[antlr-interest] Lexer ambiguities

Mon Feb 11 07:40:17 PST 2008

On Feb 11, 2008 9:21 AM, shmuel siegel <antlr at shmuelhome.mine.nu> wrote:
>
> Amal Khailtash wrote:
> > How does one resolve lexer ambiguities?  I have a grammar like:
> >
> >   a : NUMBER UNIT ;
> >   b : VALUE NAME ;
> >
> >   NUMBER : ('0'..'9')+ ;
> >   UNIT : 'kg'  | 'lb' ;
> >
> >   VALUE : '0' | '1' ;
> >   NAME : ('!'..'~')+ ;
> >
> > How can I distinguish between a NUMBER and a VALUE and between a UNIT
> > and a NAME?
> > -- Amal
> >
> As you know, the ambiguity at the lexer level is intrinsic. Every VALUE
> is a NUMBER and everything is a NAME. The lexer runs in its own
> environment and therefore the parser rules can't help resolve the lexer
> ambiguities. I would rewrite the rules as follows:
>
> a : (NUMBER|value) unit ;
>   b : value NAME ;
>
> unit: 'kg'  | 'lb' ;
> value: '0' | '1';
>
>   NUMBER : ('0'..'9')+ ;
>   NAME : (('!'..'/')|(':'..'~'))
>               ('!'..'~')* ;
>
> The trick is that the lexer overrides the catchalls for the literal
> inputs. I changed the definition of NAME so that it never begins with a
> number. Otherwise I ran into an ambiguity with NUMBER. As an added note,
> you need to decide how you want to handle whitespace.

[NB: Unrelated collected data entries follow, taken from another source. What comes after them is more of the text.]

(* For $n\ge 3$, \begin{align*} (\underbrace{\mathfrak C_0+\cdots+\mathfrak C_0}_{7})^n&=\binom{2n-1}{6}\mathfrak C_{2n}+\frac{12n^2-60n+83}{15}\binom{2n}{2}\binom{2n-3}{4}\mathfrak C_{2n-2}\\ &\quad+\frac{(4n^2-24n+39)(12n^2-72n+109)}{15}\binom{2n}{4}\binom{2n-5}{2}\mathfrak C_{2n-4}+\binom{2n}{6}(2n-7)^6\mathfrak C_{2n-6}. \end{align*}
   Context: The numbers $\mathfrak C_{2n}$ (Cauchy numbers with level $2$) are defined by $\frac{t}{{\rm arcsinh}\,t}=\sum_{n=0}^\infty\mathfrak C_{2n}\frac{t^{2n}}{(2n)!}$. Convolution notation: $(\mathfrak C_{2j_1}+\cdots+\mathfrak C_{2j_k})^n:=\sum_{i_1+\cdots+i_k=n,\ i_1,\dots,i_k\ge0}\frac{(2n)!}{(2i_1)!\cdots(2i_k)!}\mathfrak C_{2i_1+2j_1}\cdots\mathfrak C_{2i_k+2j_k}$ (here with $k=7$ summands, all $j_i=0$). *)

theory Defs
  imports "HOL-Computational_Algebra.Formal_Power_Series"
begin

(* Maclaurin series of arcsinh: integral of (1 + X^2)^(-1/2) with constant term 0 *)
definition arcsinh_fps :: "real fps" where
  "arcsinh_fps = fps_integral ((fps_binomial (-1/2)) oo (fps_X ^ 2)) 0"

(* exponential generating function t / arcsinh t = inverse (arcsinh t / t) *)
definition cauchy2_egf :: "real fps" where
  "cauchy2_egf = inverse (fps_shift 1 arcsinh_fps)"

(* Cauchy numbers with level 2: \<CC>_{2n} = (2n)! [t^{2n}] t/arcsinh t ;
   argument m is the full index 2n *)
definition cauchy2 :: "nat \<Rightarrow> real" where
  "cauchy2 m = fact m * fps_nth cauchy2_egf m"

(* (\<CC>_{2j_1}+...+\<CC>_{2j_k})^n with all j_i = 0, k = number of summands:
   sum over (i_1,...,i_k) with i_1+...+i_k = n of
   (2n)!/((2i_1)!...(2i_k)!) * \<CC>_{2i_1} ... \<CC>_{2i_k} *)
definition cauchy2_conv :: "nat \<Rightarrow> nat \<Rightarrow> real" where
  "cauchy2_conv k n =
     (\<Sum>is\<in>{is::nat list. length is = k \<and> sum_list is = n}.
        fact (2*n) / (\<Prod>i\<leftarrow>is. fact (2*i)) * (\<Prod>i\<leftarrow>is. cauchy2 (2*i)))"

end

(*
  Let f = t / arcsinh t, B = arcsinh' = (1 + t^2)^(-1/2), and let theta_k = t d/dt - k (fps_euler k) be the
  shifted Euler operator, which multiplies the coefficient of t^m by m - k. From f * (arcsinh t / t) = 1
  one gets theta_1 f = -B f^2, hence theta_k (f^k) = -k B f^(k+1); applying theta_(k+1) once more and
  using (1 + t^2) B' = -t B and (1 + t^2) B^2 = 1 gives

    t^2 theta_k (f^k) + (1 + t^2) theta_(k+1) (theta_k (f^k)) = k (k+1) f^(k+2).

  Comparing coefficients of t^m expresses [t^m] f^(k+2) through [t^m] f^k and [t^(m-2)] f^k.
  Three steps (k = 1, 3, 5) write [t^m] f^7 in terms of the coefficients of f in degrees m, m-2,
  m-4, m-6. Since f is even, the 7-fold convolution of Cauchy numbers is (2n)! [t^(2n)] f^7.
*)
theory Submission
  imports Defs
begin

unbundle fps_syntax

lemma fps_compose_X2_nth:
  "(F oo fps_X ^ 2) $ m = (if even m then F $ (m div 2) else (0::'a::comm_ring_1))"
proof -
  have "(F oo fps_X ^ 2) $ m = (\<Sum>i=0..m. if i = m div 2 \<and> even m then F $ i else 0)"
    unfolding fps_compose_nth power_mult[symmetric] fps_X_power_nth
    by (intro sum.cong) auto
  then show ?thesis
    by simp
qed

lemma fps_eq_compose_X2_if_odd_nth_eq_0:
  assumes "\<And>k. F $ Suc (2 * k) = (0::'a::comm_ring_1)"
  shows "F = Abs_fps (\<lambda>k. F $ (2 * k)) oo fps_X ^ 2"
  using assms by (intro fps_ext) (auto simp: fps_compose_X2_nth elim!: oddE)

lemma fps_power_nth_eq_sum_lists:
  fixes A :: "'a::comm_ring_1 fps"
  shows "(A ^ k) $ n = (\<Sum>is\<in>{is. length is = k \<and> sum_list is = n}. \<Prod>i\<leftarrow>is. A $ i)"
proof (cases k)
  case 0
  then have "{is. length is = k \<and> sum_list is = n} = (if n = 0 then {[]} else {})"
    by auto
  with 0 show ?thesis
    by simp
next
  case (Suc m)
  have "(A ^ Suc m) $ n = (\<Sum>v\<in>natpermute n (m + 1). \<Prod>j=0..m. A $ (v ! j))"
    by (rule fps_power_nth_Suc)
  also have "\<dots> = (\<Sum>is\<in>{is. length is = Suc m \<and> sum_list is = n}. \<Prod>i\<leftarrow>is. A $ i)"
    unfolding natpermute_def
    by (intro sum.cong) (auto simp: prod.list_conv_set_nth atLeastLessThanSuc_atLeastAtMost)
  finally show ?thesis
    using Suc by simp
qed

definition fps_euler :: "nat \<Rightarrow> 'a::comm_ring_1 fps \<Rightarrow> 'a fps" where
  "fps_euler k V = fps_X * fps_deriv V - of_nat k * V"

lemma fps_euler_nth: "fps_euler k V $ m = (of_nat m - of_nat k) * V $ m"
  by (cases m) (simp_all add: fps_euler_def algebra_simps)

lemma fps_euler_mult: "fps_euler k (A * V) = fps_X * fps_deriv A * V + A * fps_euler k V"
  by (simp add: fps_euler_def algebra_simps)

lemma fps_euler_second_order_nth:
  fixes V :: "'a::comm_ring_1 fps"
  assumes "2 \<le> m"
  shows "(fps_X ^ 2 * fps_euler k V + (1 + fps_X ^ 2) * fps_euler (Suc k) (fps_euler k V)) $ m
    = (of_nat m - of_nat k) * (of_nat m - of_nat k - 1) * V $ m
      + (of_nat m - of_nat k - 2) ^ 2 * V $ (m - 2)"
proof -
  obtain j where m: "m = j + 2"
    using le_Suc_ex[OF assms] by (auto simp: add.commute)
  have "(fps_X ^ 2 * W) $ (j + 2) = W $ j" for W :: "'a fps"
    by (simp add: fps_X_power_mult_nth)
  then have "(fps_X ^ 2 * fps_euler k V + (1 + fps_X ^ 2) * fps_euler (Suc k) (fps_euler k V)) $ (j + 2)
    = fps_euler k V $ j + fps_euler (Suc k) (fps_euler k V) $ (j + 2) + fps_euler (Suc k) (fps_euler k V) $ j"
    by (simp add: distrib_right)
  then show ?thesis
    unfolding m fps_euler_nth by (simp add: power2_eq_square algebra_simps)
qed

lemma fps_deriv_arcsinh_fps: "fps_deriv arcsinh_fps = fps_binomial (- 1 / 2) oo fps_X ^ 2"
  by (simp add: arcsinh_fps_def fps_deriv_fps_integral)

lemma arcsinh_fps_eq_X_mult_shift: "arcsinh_fps = fps_X * fps_shift 1 arcsinh_fps"
  by (rule fps_ext) (simp add: arcsinh_fps_def)

lemma nth_0_fps_deriv_arcsinh_fps: "fps_deriv arcsinh_fps $ 0 = 1"
  by (simp add: fps_deriv_arcsinh_fps)

lemma fps_deriv_arcsinh_fps_squared: "(1 + fps_X ^ 2) * fps_deriv arcsinh_fps ^ 2 = 1"
proof -
  have "fps_binomial (- 1 / 2) ^ 2 = fps_binomial (- 1 :: real)"
    by (simp add: power2_eq_square fps_binomial_add_mult[symmetric])
  then have "(1 + fps_X) * fps_binomial (- 1 / 2) ^ 2 = (1 :: real fps)"
    by (simp add: fps_binomial_1[symmetric] fps_binomial_add_mult[symmetric])
  then have "((1 + fps_X) * fps_binomial (- 1 / 2) ^ 2) oo fps_X ^ 2 = (1 :: real fps)"
    by simp
  then show ?thesis
    by (simp add: fps_deriv_arcsinh_fps fps_compose_mult_distrib fps_compose_power fps_compose_add_distrib)
qed

lemma arcsinh_fps_ode:
  "(1 + fps_X ^ 2) * fps_deriv (fps_deriv arcsinh_fps) = - fps_X * fps_deriv arcsinh_fps"
proof -
  let ?B = "fps_deriv arcsinh_fps"
  have "fps_deriv ((1 + fps_X ^ 2) * ?B ^ 2) = 0"
    by (simp only: fps_deriv_arcsinh_fps_squared fps_deriv_1)
  then have "2 * ?B * ((1 + fps_X ^ 2) * fps_deriv ?B + fps_X * ?B) = 0"
    by (simp add: fps_deriv_power power2_eq_square algebra_simps)
  moreover have "?B \<noteq> 0"
    using nth_0_fps_deriv_arcsinh_fps by (metis fps_zero_nth zero_neq_one)
  ultimately show ?thesis
    by (simp add: eq_neg_iff_add_eq_0)
qed

lemma cauchy2_egf_euler: "fps_euler 1 cauchy2_egf = - fps_deriv arcsinh_fps * cauchy2_egf ^ 2"
proof -
  let ?G = "fps_shift 1 arcsinh_fps"
  have "?G $ 0 = 1"
    using nth_0_fps_deriv_arcsinh_fps by (simp add: arcsinh_fps_def)
  then have inverse: "cauchy2_egf * ?G = 1"
    by (simp add: cauchy2_egf_def inverse_mult_eq_1)
  then have "fps_deriv (cauchy2_egf * ?G) = 0"
    by simp
  then have "cauchy2_egf * fps_deriv ?G + fps_deriv cauchy2_egf * ?G = 0"
    by simp
  moreover have "?G + fps_X * fps_deriv ?G = fps_deriv arcsinh_fps"
    using arg_cong[OF arcsinh_fps_eq_X_mult_shift, of fps_deriv] by (simp add: add.commute)
  ultimately show ?thesis
    using inverse unfolding fps_euler_def of_nat_1 by algebra
qed

lemma cauchy2_egf_power_euler:
  "fps_euler k (cauchy2_egf ^ k)
    = - of_nat k * fps_deriv arcsinh_fps * cauchy2_egf ^ Suc k"
proof (cases k)
  case 0
  then show ?thesis
    by (simp add: fps_euler_def)
next
  case (Suc j)
  have "fps_euler k (cauchy2_egf ^ k) = of_nat k * cauchy2_egf ^ j * fps_euler 1 cauchy2_egf"
    unfolding fps_euler_def fps_deriv_power' Suc by (simp add: algebra_simps)
  then show ?thesis
    unfolding cauchy2_egf_euler Suc by (simp add: power2_eq_square algebra_simps)
qed

lemma cauchy2_egf_power_ode:
  "fps_X ^ 2 * fps_euler k (cauchy2_egf ^ k)
     + (1 + fps_X ^ 2) * fps_euler (Suc k) (fps_euler k (cauchy2_egf ^ k))
   = of_nat (k * Suc k) * cauchy2_egf ^ (k + 2)"
proof -
  let ?B = "fps_deriv arcsinh_fps" and ?f = cauchy2_egf
  define g where "g = ?f ^ Suc k"
  have power: "?f ^ (k + 2) = ?f * g"
    by (simp add: g_def)
  have "fps_euler (Suc k) (fps_euler k (?f ^ k))
    = - of_nat k * (fps_X * fps_deriv ?B * g - of_nat (Suc k) * ?B ^ 2 * (?f * g))"
    unfolding cauchy2_egf_power_euler[of k] fps_euler_mult cauchy2_egf_power_euler[of "Suc k"] g_def
    by (simp add: power2_eq_square algebra_simps)
  then show ?thesis
    using fps_deriv_arcsinh_fps_squared arcsinh_fps_ode
    unfolding cauchy2_egf_power_euler[of k] power g_def[symmetric] of_nat_mult of_nat_Suc
    by algebra
qed

lemma cauchy2_egf_power_nth_recurrence:
  assumes "1 \<le> k" and "2 \<le> m"
  shows "(cauchy2_egf ^ (k + 2)) $ m
    = ((real m - k) * (real m - k - 1) * (cauchy2_egf ^ k) $ m
        + (real m - k - 2) ^ 2 * (cauchy2_egf ^ k) $ (m - 2)) / (k * (k + 1))"
proof -
  have "real (k * Suc k) * (cauchy2_egf ^ (k + 2)) $ m
    = (real m - k) * (real m - k - 1) * (cauchy2_egf ^ k) $ m
        + (real m - k - 2) ^ 2 * (cauchy2_egf ^ k) $ (m - 2)"
    using arg_cong[OF cauchy2_egf_power_ode, of "\<lambda>F. F $ m"]
    unfolding fps_euler_second_order_nth[OF assms(2)] by (simp add: fps_of_nat[symmetric])
  moreover have "real (k * Suc k) = k * (k + 1)"
    by simp
  ultimately show ?thesis
    using assms(1) by (simp add: eq_divide_eq ac_simps del: of_nat_mult of_nat_Suc power_Suc)
qed

lemma cauchy2_egf_power7_nth:
  assumes "6 \<le> m"
  shows "720 * (cauchy2_egf ^ 7) $ m
    = (real m - 1) * (real m - 2) * (real m - 3) * (real m - 4) * (real m - 5) * (real m - 6)
        * cauchy2_egf $ m
      + (real m - 3) * (real m - 4) * (real m - 5) * (real m - 6)
        * ((real m - 3) ^ 2 + (real m - 5) ^ 2 + (real m - 7) ^ 2) * cauchy2_egf $ (m - 2)
      + (real m - 5) * (real m - 6)
        * ((real m - 5) ^ 4 + (real m - 5) ^ 2 * (real m - 7) ^ 2 + (real m - 7) ^ 4)
        * cauchy2_egf $ (m - 4)
      + (real m - 7) ^ 6 * cauchy2_egf $ (m - 6)"
proof -
  obtain j where m: "m = j + 6"
    using le_Suc_ex[OF assms] by (auto simp: add.commute)
  let ?f = cauchy2_egf and ?x = "real j"
  have step: "(?f ^ K) $ (j + i) = ((real (j + i) - k) * (real (j + i) - k - 1) * (?f ^ k) $ (j + i)
      + (real (j + i) - k - 2) ^ 2 * (?f ^ k) $ (j + l)) / (k * (k + 1))"
    if "1 \<le> k" "K = k + 2" "i = l + 2" for k K i l
    \<comment> \<open>exponent and indices are separate parameters so that the instances below keep
      literal numerals, which the simplifier normalises consistently\<close>
    using cauchy2_egf_power_nth_recurrence[OF that(1), of "j + i"] that(2,3) by simp
  have "(?f ^ 3) $ (j + 6) = ((?x + 5) * (?x + 4) * ?f $ (j + 6) + (?x + 3) ^ 2 * ?f $ (j + 4)) / 2"
    "(?f ^ 3) $ (j + 4) = ((?x + 3) * (?x + 2) * ?f $ (j + 4) + (?x + 1) ^ 2 * ?f $ (j + 2)) / 2"
    "(?f ^ 3) $ (j + 2) = ((?x + 1) * ?x * ?f $ (j + 2) + (?x - 1) ^ 2 * ?f $ j) / 2"
    "(?f ^ 5) $ (j + 6) = ((?x + 3) * (?x + 2) * (?f ^ 3) $ (j + 6) + (?x + 1) ^ 2 * (?f ^ 3) $ (j + 4)) / 12"
    "(?f ^ 5) $ (j + 4) = ((?x + 1) * ?x * (?f ^ 3) $ (j + 4) + (?x - 1) ^ 2 * (?f ^ 3) $ (j + 2)) / 12"
    "(?f ^ 7) $ (j + 6) = ((?x + 1) * ?x * (?f ^ 5) $ (j + 6) + (?x - 1) ^ 2 * (?f ^ 5) $ (j + 4)) / 30"
    using step[of 1 3 6 4] step[of 1 3 4 2] step[of 1 3 2 0] step[of 3 5 6 4] step[of 3 5 4 2]
      step[of 5 7 6 4]
    by (simp_all add: algebra_simps)
  then show ?thesis
    unfolding m by simp (simp add: field_simps; algebra)
qed

lemma cauchy2_egf_eq_compose_X2: "cauchy2_egf = Abs_fps (\<lambda>k. cauchy2_egf $ (2 * k)) oo fps_X ^ 2"
proof -
  let ?G = "fps_shift 1 arcsinh_fps"
  let ?K = "Abs_fps (\<lambda>k. ?G $ (2 * k))"
  have "?G $ Suc (2 * k) = 0" for k
    using arg_cong[OF fps_deriv_arcsinh_fps, of "\<lambda>F. F $ Suc (2 * k)"]
    by (simp add: arcsinh_fps_def fps_compose_X2_nth)
  then have "cauchy2_egf = inverse (?K oo fps_X ^ 2)"
    unfolding cauchy2_egf_def by (subst fps_eq_compose_X2_if_odd_nth_eq_0) auto
  also have "\<dots> = inverse ?K oo fps_X ^ 2"
    using nth_0_fps_deriv_arcsinh_fps by (simp add: arcsinh_fps_def fps_inverse_compose)
  finally have f: "cauchy2_egf = inverse ?K oo fps_X ^ 2" .
  have "Abs_fps (\<lambda>k. (inverse ?K oo fps_X ^ 2) $ (2 * k)) = inverse ?K"
    by (simp add: fps_compose_X2_nth fps_eq_iff)
  then show ?thesis
    by (subst (1 2) f) simp
qed

lemma cauchy2_conv_eq_nth_power:
  "cauchy2_conv k n = fact (2 * n) * (cauchy2_egf ^ k) $ (2 * n)"
proof -
  let ?E = "Abs_fps (\<lambda>i. cauchy2_egf $ (2 * i))"
  have prod_list_divide: "(\<Prod>i\<leftarrow>is. a i / b i) = (\<Prod>i\<leftarrow>is. a i) / (\<Prod>i\<leftarrow>is. b i)"
    for "is" :: "nat list" and a b :: "nat \<Rightarrow> real"
    by (induct "is") simp_all
  have "(cauchy2_egf ^ k) $ (2 * n) = (?E ^ k) $ n"
    by (subst (1) cauchy2_egf_eq_compose_X2) (simp add: fps_compose_power fps_compose_X2_nth)
  also have "\<dots> = (\<Sum>is\<in>{is. length is = k \<and> sum_list is = n}.
      (\<Prod>i\<leftarrow>is. cauchy2 (2 * i)) / (\<Prod>i\<leftarrow>is. fact (2 * i)))"
    by (simp add: fps_power_nth_eq_sum_lists cauchy2_def prod_list_divide[symmetric])
  finally show ?thesis
    by (simp add: cauchy2_conv_def sum_distrib_left)
qed

theorem mainTheorem9:
  fixes n :: nat
  assumes "n \<ge> 3"
  shows "cauchy2_conv 7 n =
      real ((2*n - 1) choose 6) * cauchy2 (2*n)
    + (12 * real n ^ 2 - 60 * real n + 83) / 15 * real ((2*n) choose 2) * real ((2*n - 3) choose 4)
        * cauchy2 (2*n - 2)
    + (4 * real n ^ 2 - 24 * real n + 39) * (12 * real n ^ 2 - 72 * real n + 109) / 15
        * real ((2*n) choose 4) * real ((2*n - 5) choose 2) * cauchy2 (2*n - 4)
    + real ((2*n) choose 6) * (2 * real n - 7) ^ 6 * cauchy2 (2*n - 6)"
proof -
  obtain j where n: "n = j + 3"
    using le_Suc_ex[OF assms] by (auto simp: add.commute)
  let ?x = "real j"
  have index: "2 * n = 2 * j + 6" "2 * n - 1 = 2 * j + 5" "2 * n - 2 = 2 * j + 4" "2 * n - 3 = 2 * j + 3"
    "2 * n - 4 = 2 * j + 2" "2 * n - 5 = 2 * j + 1" "2 * n - 6 = 2 * j"
    using n by simp_all
  have binomial: "real (a choose k) = (\<Prod>i=0..<k. real a - real i) / fact k" for a k
    by (simp add: binomial_gbinomial gbinomial_prod_rev)
  have fact: "fact (2 * j + 6) = (2 * ?x + 6) * (2 * ?x + 5) * fact (2 * j + 4)"
    "fact (2 * j + 4) = (2 * ?x + 4) * (2 * ?x + 3) * fact (2 * j + 2)"
    "fact (2 * j + 2) = (2 * ?x + 2) * (2 * ?x + 1) * (fact (2 * j) :: real)"
    by (simp_all add: numeral_eq_Suc algebra_simps)
  show ?thesis
    using cauchy2_egf_power7_nth[of "2 * j + 6"]
    unfolding cauchy2_conv_eq_nth_power cauchy2_def index binomial
    by (simp add: n fact numeral_eq_Suc prod.atLeast0_lessThan_Suc) (simp add: field_simps; algebra)
qed

end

I can't get your ideas above to work. If you tested this, can you send
us your complete grammar file?

Here is my grammar with your ideas incorporated.

grammar NumberValue;

file: (line terminator)*;
line: a | b;
a: (value | NUMBER) unit;
b: value NAME;

unit: 'kg' | 'lb';
value: '0' | '1';

NUMBER: '0'..'9'+;
NAME: ('!'..'/' | ':'..'~' | '!'..'~')+;

terminator: NEWLINE | EOF;
NEWLINE: ('\r'? '\n')+;
WHITESPACE: (' ' | '\t')+ { $channel = HIDDEN; };

Here is my input.

1Mark
19kg

-- 
R. Mark Volkmann
Object Computing, Inc.